Прежде чем ответить, старик быстро огляделся вокруг и заговорил, понизив голос:
– Говорят, будто его из дому выбросили: я на своем веку навидался, как людей выселяли за то, что они за либералов голосовали, – ну а других – за вольнодумство, за что только их не выселяют! Вот от этого-то и заводится вражда. Человек хочет сам себе быть хозяином и чтобы им не помыкали. А этого нельзя, в старой Англии этого нельзя, если у тебя в карманах пусто.

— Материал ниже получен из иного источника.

(* The metric space $(C^{lf}_\infty(\mathbb C),d_{\mathcal V})$ is path-connected.
   Context: $C^{lf}_\infty(\mathbb C)$ is the set of countably infinite locally finite subsets of $\mathbb C$ (i.e. meeting each compact set in finitely many points). $d_{\mathcal V}(A,B)=\sum_j 2^{-j}\frac{|\sum_{a\in A}\varphi_j(a)-\sum_{b\in B}\varphi_j(b)|}{1+|\sum_{a\in A}\varphi_j(a)-\sum_{b\in B}\varphi_j(b)|}$ for a fixed sequence $(\varphi_j)$ of compactly supported continuous real functions on $\mathbb C$ such that for each $m$ those supported in $\{|z|\le m\}$ are sup-norm dense among such functions supported in $\{|z|\le m\}$. *)

theory Defs
  imports "HOL-Analysis.Analysis"
begin

text \<open>Countably infinite locally finite subsets of the complex plane
  (infinite + meeting every compact set in finitely many points; such sets are
  automatically countable, but we state countability explicitly).\<close>
definition Clf_inf :: "complex set set" where
  "Clf_inf = {A. infinite A \<and> countable A \<and> (\<forall>K. compact K \<longrightarrow> finite (A \<inter> K))}"

definition lf_sum :: "(complex \<Rightarrow> real) \<Rightarrow> complex set \<Rightarrow> real" where
  "lf_sum f A = (\<Sum>a\<in>{a\<in>A. f a \<noteq> 0}. f a)"

definition admissible_seq :: "(nat \<Rightarrow> complex \<Rightarrow> real) \<Rightarrow> bool" where
  "admissible_seq \<phi> \<longleftrightarrow>
     (\<forall>j. continuous_on UNIV (\<phi> j) \<and> compact (closure {z. \<phi> j z \<noteq> 0})) \<and>
     (\<forall>(m::nat) (f::complex \<Rightarrow> real) \<epsilon>. continuous_on UNIV f \<and> {z. f z \<noteq> 0} \<subseteq> cball 0 (real m)
        \<and> \<epsilon> > 0 \<longrightarrow>
        (\<exists>j. {z. \<phi> j z \<noteq> 0} \<subseteq> cball 0 (real m) \<and> (\<forall>z. \<bar>f z - \<phi> j z\<bar> < \<epsilon>)))"

text \<open>The metric d_V (index j = 0,1,2,... corresponds to the paper's j = 1,2,3,...).\<close>
definition dV :: "(nat \<Rightarrow> complex \<Rightarrow> real) \<Rightarrow> complex set \<Rightarrow> complex set \<Rightarrow> real" where
  "dV \<phi> A B = (\<Sum>j. (1/2)^(Suc j) *
      (\<bar>lf_sum (\<phi> j) A - lf_sum (\<phi> j) B\<bar> / (1 + \<bar>lf_sum (\<phi> j) A - lf_sum (\<phi> j) B\<bar>)))"

end

theory Submission
  imports Defs
begin

text \<open>Since A \<union> B is countable, there are a point p \<notin> A \<union> B and a unit vector u different
  from sgn (a - p) for every a \<in> A \<union> B. Let R be the points p + k u, k \<ge> 1. At time t take
  the dilation of A by 1/(1 - t) together with the dilation of R by 1/t, both centred at p.
  As p \<notin> A \<union> R, the first part leaves every compact set as t \<rightarrow> 1 and the second as t \<rightarrow> 0;
  by the choice of u the two parts never meet. So every test sum lf_sum (\<phi> j) is continuous
  along the path, and by Tannery's theorem the path is d_V-continuous. Thus A and B are
  both joined to R.\<close>

definition locally_finite :: "'a::topological_space set \<Rightarrow> bool" where
  "locally_finite A \<longleftrightarrow> (\<forall>K. compact K \<longrightarrow> finite (A \<inter> K))"

lemma Clf_inf_iff: "A \<in> Clf_inf \<longleftrightarrow> infinite A \<and> countable A \<and> locally_finite A"
  by (simp add: Clf_inf_def locally_finite_def)

lemma locally_finite_cball:
  fixes A :: "'a::heine_borel set"
  shows "locally_finite A \<Longrightarrow> finite (A \<inter> cball c r)"
  by (simp add: locally_finite_def)

lemma locally_finite_cballI:
  fixes A :: "'a::heine_borel set"
  assumes "\<And>r. finite (A \<inter> cball c r)"
  shows "locally_finite A"
  unfolding locally_finite_def
proof (intro allI impI)
  fix K :: "'a set" assume "compact K"
  then obtain r where "\<forall>y\<in>K. dist c y \<le> r"
    using compact_imp_bounded bounded_any_center by blast
  then have "A \<inter> K \<subseteq> A \<inter> cball c r" by auto
  then show "finite (A \<inter> K)"
    using assms finite_subset by blast
qed

lemma locally_finite_empty [simp]: "locally_finite {}"
  by (simp add: locally_finite_def)

lemma locally_finite_Un:
  "locally_finite A \<Longrightarrow> locally_finite B \<Longrightarrow> locally_finite (A \<union> B)"
  by (simp add: locally_finite_def Int_Un_distrib2)

lemma locally_finite_set_avoid:
  fixes A :: "'a::heine_borel set"
  assumes "locally_finite A"
  shows "\<exists>\<delta>>0. \<forall>x\<in>A. x \<noteq> a \<longrightarrow> \<delta> \<le> dist a x"
proof -
  obtain \<delta> where \<delta>: "\<delta> > 0" "\<forall>x\<in>A \<inter> cball a 1. x \<noteq> a \<longrightarrow> \<delta> \<le> dist a x"
    using finite_set_avoid[OF locally_finite_cball[OF assms]] by blast
  have "min \<delta> 1 \<le> dist a x" if "x \<in> A" "x \<noteq> a" for x
  proof (cases "dist a x \<le> 1")
    case True
    then have "\<delta> \<le> dist a x" using \<delta>(2) that by simp
    then show ?thesis by linarith
  qed simp
  moreover have "min \<delta> 1 > 0" using \<delta>(1) by simp
  ultimately show ?thesis by blast
qed

lemma finite_support_Int:
  assumes "locally_finite A" "compact (closure {z. f z \<noteq> 0})"
  shows "finite {a\<in>A. f a \<noteq> 0}"
proof (rule finite_subset)
  show "{a\<in>A. f a \<noteq> 0} \<subseteq> A \<inter> closure {z. f z \<noteq> 0}"
    using closure_subset[of "{z. f z \<noteq> 0}"] by blast
  show "finite (A \<inter> closure {z. f z \<noteq> 0})"
    using assms by (simp add: locally_finite_def)
qed

lemma lf_sum_eq_sum:
  assumes "finite T" "{a\<in>A. f a \<noteq> 0} \<subseteq> T" "T \<subseteq> A"
  shows "lf_sum f A = (\<Sum>a\<in>T. f a)"
  unfolding lf_sum_def by (rule sum.mono_neutral_left) (use assms in auto)

lemma lf_sum_Un_disjoint:
  assumes "locally_finite A" "locally_finite B" "compact (closure {z. f z \<noteq> 0})" "A \<inter> B = {}"
  shows "lf_sum f (A \<union> B) = lf_sum f A + lf_sum f B"
proof -
  have "{a\<in>A \<union> B. f a \<noteq> 0} = {a\<in>A. f a \<noteq> 0} \<union> {a\<in>B. f a \<noteq> 0}" by auto
  moreover have "finite {a\<in>A. f a \<noteq> 0}" "finite {a\<in>B. f a \<noteq> 0}"
    using assms(1-3) by (simp_all add: finite_support_Int)
  ultimately show ?thesis
    unfolding lf_sum_def using assms(4) by (simp add: sum.union_disjoint disjoint_iff)
qed

lemma lf_sum_approx:
  fixes \<epsilon> :: real
  assumes "locally_finite A" "compact K" "{z. f z \<noteq> 0} \<subseteq> K" "{z. g z \<noteq> 0} \<subseteq> K"
    and close: "\<And>z. \<bar>f z - g z\<bar> \<le> \<epsilon>"
  shows "\<bar>lf_sum f A - lf_sum g A\<bar> \<le> card (A \<inter> K) * \<epsilon>"
proof -
  have fin: "finite (A \<inter> K)"
    using assms(1,2) by (simp add: locally_finite_def)
  have "lf_sum f A = (\<Sum>a\<in>A \<inter> K. f a)" "lf_sum g A = (\<Sum>a\<in>A \<inter> K. g a)"
    using assms(3,4) by (auto intro!: lf_sum_eq_sum fin)
  then have "lf_sum f A - lf_sum g A = (\<Sum>a\<in>A \<inter> K. f a - g a)"
    by (simp add: sum_subtractf)
  also have "\<bar>\<dots>\<bar> \<le> (\<Sum>a\<in>A \<inter> K. \<epsilon>)"
    using close by (intro order.trans[OF sum_abs] sum_mono)
  finally show ?thesis by simp
qed

lemma abs_div_one_plus_abs_triangle:
  fixes a b c :: real
  shows "\<bar>a - c\<bar> / (1 + \<bar>a - c\<bar>) \<le> \<bar>a - b\<bar> / (1 + \<bar>a - b\<bar>) + \<bar>b - c\<bar> / (1 + \<bar>b - c\<bar>)"
proof -
  define u v w where "u = \<bar>a - b\<bar>" and "v = \<bar>b - c\<bar>" and "w = \<bar>a - c\<bar>"
  have uvw: "0 \<le> u" "0 \<le> v" "0 \<le> w" "w \<le> u + v"
    by (auto simp: u_def v_def w_def)
  have "w / (1 + w) \<le> (u + v) / (1 + (u + v))"
    using uvw by (simp add: divide_simps) (simp add: algebra_simps)
  also have "\<dots> = u / (1 + (u + v)) + v / (1 + (u + v))"
    by (simp add: add_divide_distrib)
  also have "\<dots> \<le> u / (1 + u) + v / (1 + v)"
    using uvw by (intro add_mono divide_left_mono) auto
  finally show ?thesis by (simp add: u_def v_def w_def)
qed

lemma dV_term_bound: "\<bar>(1/2::real)^Suc j * (\<bar>x\<bar> / (1 + \<bar>x\<bar>))\<bar> \<le> (1/2)^Suc j"
proof -
  have "(1/2::real)^Suc j * (\<bar>x\<bar> / (1 + \<bar>x\<bar>)) \<le> (1/2)^Suc j * 1"
    by (intro mult_left_mono) simp_all
  then show ?thesis by (simp del: power_Suc)
qed

lemma summable_half_power_Suc: "summable (\<lambda>j. (1/2::real)^Suc j)"
  using summable_geometric[of "1/2::real"] by (simp add: summable_mult)

lemma dV_summable:
  "summable (\<lambda>j. (1/2::real)^Suc j * (\<bar>lf_sum (\<phi> j) A - lf_sum (\<phi> j) B\<bar> /
      (1 + \<bar>lf_sum (\<phi> j) A - lf_sum (\<phi> j) B\<bar>)))"
  by (rule summable_comparison_test'[OF summable_half_power_Suc]) (simp only: real_norm_def dV_term_bound)

lemma dV_nonneg: "0 \<le> dV \<phi> A B"
  unfolding dV_def by (rule suminf_nonneg[OF dV_summable]) simp

lemma dV_commute: "dV \<phi> A B = dV \<phi> B A"
  unfolding dV_def by (simp add: abs_minus_commute)

lemma dV_triangle: "dV \<phi> A C \<le> dV \<phi> A B + dV \<phi> B C"
  unfolding dV_def
proof (subst suminf_add[OF dV_summable dV_summable], rule suminf_le)
  fix j
  show "(1/2::real)^Suc j * (\<bar>lf_sum (\<phi> j) A - lf_sum (\<phi> j) C\<bar> / (1 + \<bar>lf_sum (\<phi> j) A - lf_sum (\<phi> j) C\<bar>))
     \<le> (1/2)^Suc j * (\<bar>lf_sum (\<phi> j) A - lf_sum (\<phi> j) B\<bar> / (1 + \<bar>lf_sum (\<phi> j) A - lf_sum (\<phi> j) B\<bar>))
      + (1/2)^Suc j * (\<bar>lf_sum (\<phi> j) B - lf_sum (\<phi> j) C\<bar> / (1 + \<bar>lf_sum (\<phi> j) B - lf_sum (\<phi> j) C\<bar>))"
    unfolding distrib_left[symmetric]
    by (rule mult_left_mono[OF abs_div_one_plus_abs_triangle]) simp
qed (intro dV_summable summable_add)+

lemma dV_eq_0_iff: "dV \<phi> A B = 0 \<longleftrightarrow> (\<forall>j. lf_sum (\<phi> j) A = lf_sum (\<phi> j) B)"
  unfolding dV_def
  by (subst suminf_eq_zero_iff[OF dV_summable]) (auto simp: add_nonneg_eq_0_iff)

lemma exists_bump_isolating:
  fixes E :: "'a::{real_normed_vector, heine_borel} set"
  assumes "locally_finite E"
  obtains f :: "'a \<Rightarrow> real" where "continuous_on UNIV f" "{z. f z \<noteq> 0} \<subseteq> cball a 1"
    "f a = 1" "\<And>x. x \<in> E \<Longrightarrow> x \<noteq> a \<Longrightarrow> f x = 0"
proof -
  obtain \<delta> where \<delta>: "\<delta> > 0" "\<And>x. x \<in> E \<Longrightarrow> x \<noteq> a \<Longrightarrow> \<delta> \<le> dist a x"
    using locally_finite_set_avoid[OF assms] by blast
  define r where "r = min \<delta> 1"
  have r: "0 < r" "r \<le> 1" using \<delta>(1) by (auto simp: r_def)
  define f where "f z = max 0 (1 - dist a z / r)" for z
  show thesis
  proof
    show "continuous_on UNIV f" unfolding f_def by (intro continuous_intros) (use r in auto)
    have "f z = 0" if "r \<le> dist a z" for z
      using that r by (simp add: f_def max_def field_simps)
    then have "dist a z < r" if "f z \<noteq> 0" for z
      using that by force
    then show "{z. f z \<noteq> 0} \<subseteq> cball a 1"
      using r by fastforce
    show "f a = 1" by (simp add: f_def)
    show "f x = 0" if "x \<in> E" "x \<noteq> a" for x
      using \<delta>(2)[OF that] r by (simp add: f_def r_def field_simps)
  qed
qed

lemma admissible_seq_approx_lf_sum:
  fixes f :: "complex \<Rightarrow> real" and \<epsilon> :: real
  assumes "admissible_seq \<phi>" "continuous_on UNIV f" "{z. f z \<noteq> 0} \<subseteq> cball 0 (real m)" "\<epsilon> > 0"
  obtains j where "\<And>A. locally_finite A \<Longrightarrow>
    \<bar>lf_sum f A - lf_sum (\<phi> j) A\<bar> \<le> card (A \<inter> cball 0 (real m)) * \<epsilon>"
proof -
  obtain j where j: "{z. \<phi> j z \<noteq> 0} \<subseteq> cball 0 (real m)" "\<And>z. \<bar>f z - \<phi> j z\<bar> < \<epsilon>"
    using assms(1)[unfolded admissible_seq_def, THEN conjunct2, rule_format, where m = m and f = f]
      assms(2-4) by blast
  show thesis
  proof (rule that)
    fix A :: "complex set" assume "locally_finite A"
    show "\<bar>lf_sum f A - lf_sum (\<phi> j) A\<bar> \<le> card (A \<inter> cball 0 (real m)) * \<epsilon>"
      by (rule lf_sum_approx[OF \<open>locally_finite A\<close> compact_cball assms(3) j(1) less_imp_le[OF j(2)]])
  qed
qed

lemma lf_sum_separates:
  assumes adm: "admissible_seq \<phi>" and A: "locally_finite A" and B: "locally_finite B"
    and a: "a \<in> A" "a \<notin> B"
  obtains j where "lf_sum (\<phi> j) A \<noteq> lf_sum (\<phi> j) B"
proof -
  obtain f :: "complex \<Rightarrow> real" where f: "continuous_on UNIV f" "{z. f z \<noteq> 0} \<subseteq> cball a 1"
    "f a = 1" "\<And>x. x \<in> A \<union> B \<Longrightarrow> x \<noteq> a \<Longrightarrow> f x = 0"
    using exists_bump_isolating[OF locally_finite_Un[OF A B]] by blast
  obtain m :: nat where m: "norm a + 1 \<le> real m" using real_arch_simple by blast
  define K where "K = cball (0::complex) (real m)"
  have "cball a 1 \<subseteq> K"
  proof
    fix z assume "z \<in> cball a 1"
    then have "norm z \<le> norm a + 1" using dist_triangle[of 0 z a] by simp
    then show "z \<in> K" using m by (simp add: K_def)
  qed
  with f(2) have "{z. f z \<noteq> 0} \<subseteq> K" by (rule order.trans)
  define N where "N = real (card (A \<inter> K)) + real (card (B \<inter> K))"
  define \<epsilon> where "\<epsilon> = 1 / (2 * (N + 1))"
  have "N \<ge> 0" by (simp add: N_def)
  then have "\<epsilon> > 0" "N * \<epsilon> < 1" by (simp_all add: \<epsilon>_def field_simps)
  then obtain j where approx: "\<And>X. locally_finite X \<Longrightarrow> \<bar>lf_sum f X - lf_sum (\<phi> j) X\<bar> \<le> card (X \<inter> K) * \<epsilon>"
    using admissible_seq_approx_lf_sum[OF adm f(1), of m] \<open>{z. f z \<noteq> 0} \<subseteq> K\<close> unfolding K_def by blast
  have "lf_sum f A = (\<Sum>x\<in>{a}. f x)"
    using a f(4) by (intro lf_sum_eq_sum) auto
  with approx[OF A] f(3) have eA: "\<bar>1 - lf_sum (\<phi> j) A\<bar> \<le> card (A \<inter> K) * \<epsilon>" by simp
  have "{x \<in> B. f x \<noteq> 0} = {}" using a f(4) by blast
  with approx[OF B] have eB: "\<bar>lf_sum (\<phi> j) B\<bar> \<le> card (B \<inter> K) * \<epsilon>" by (simp add: lf_sum_def)
  have "lf_sum (\<phi> j) A \<noteq> lf_sum (\<phi> j) B"
  proof
    assume "lf_sum (\<phi> j) A = lf_sum (\<phi> j) B"
    then have "1 \<le> \<bar>1 - lf_sum (\<phi> j) A\<bar> + \<bar>lf_sum (\<phi> j) B\<bar>"
      using abs_triangle_ineq[of "1 - lf_sum (\<phi> j) A" "lf_sum (\<phi> j) A"] by simp
    then show False using eA eB \<open>N * \<epsilon> < 1\<close> unfolding N_def distrib_right by linarith
  qed
  then show thesis ..
qed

– А вы никогда не думали эмигрировать?
– Думал, конечно, сотни раз думал, но никак не мог решиться: как же в такую даль заберешься, что даже Молвернских холмов уж больше не увидишь? Бикон ведь даже отсюда немножко виден. Но таких, как я, сейчас уже мало и с каждым днем все меньше и меньше.
– Да, – пробормотал Феликс, – это я вижу.
– На земле все своими руками делается. Ее любить надо, как свою хозяйку или детишек. Для этих бедняг, что здесь на заводе плуги для колоний изготовляют, союз – дело нужное, потому работают они на машинах. А крестьянину первым делом надо землю выходить, твоя она или чужая, не то от него проку не жди, уж пусть лучше в почтальоны идет. Я вас своей болтовней не задерживаю?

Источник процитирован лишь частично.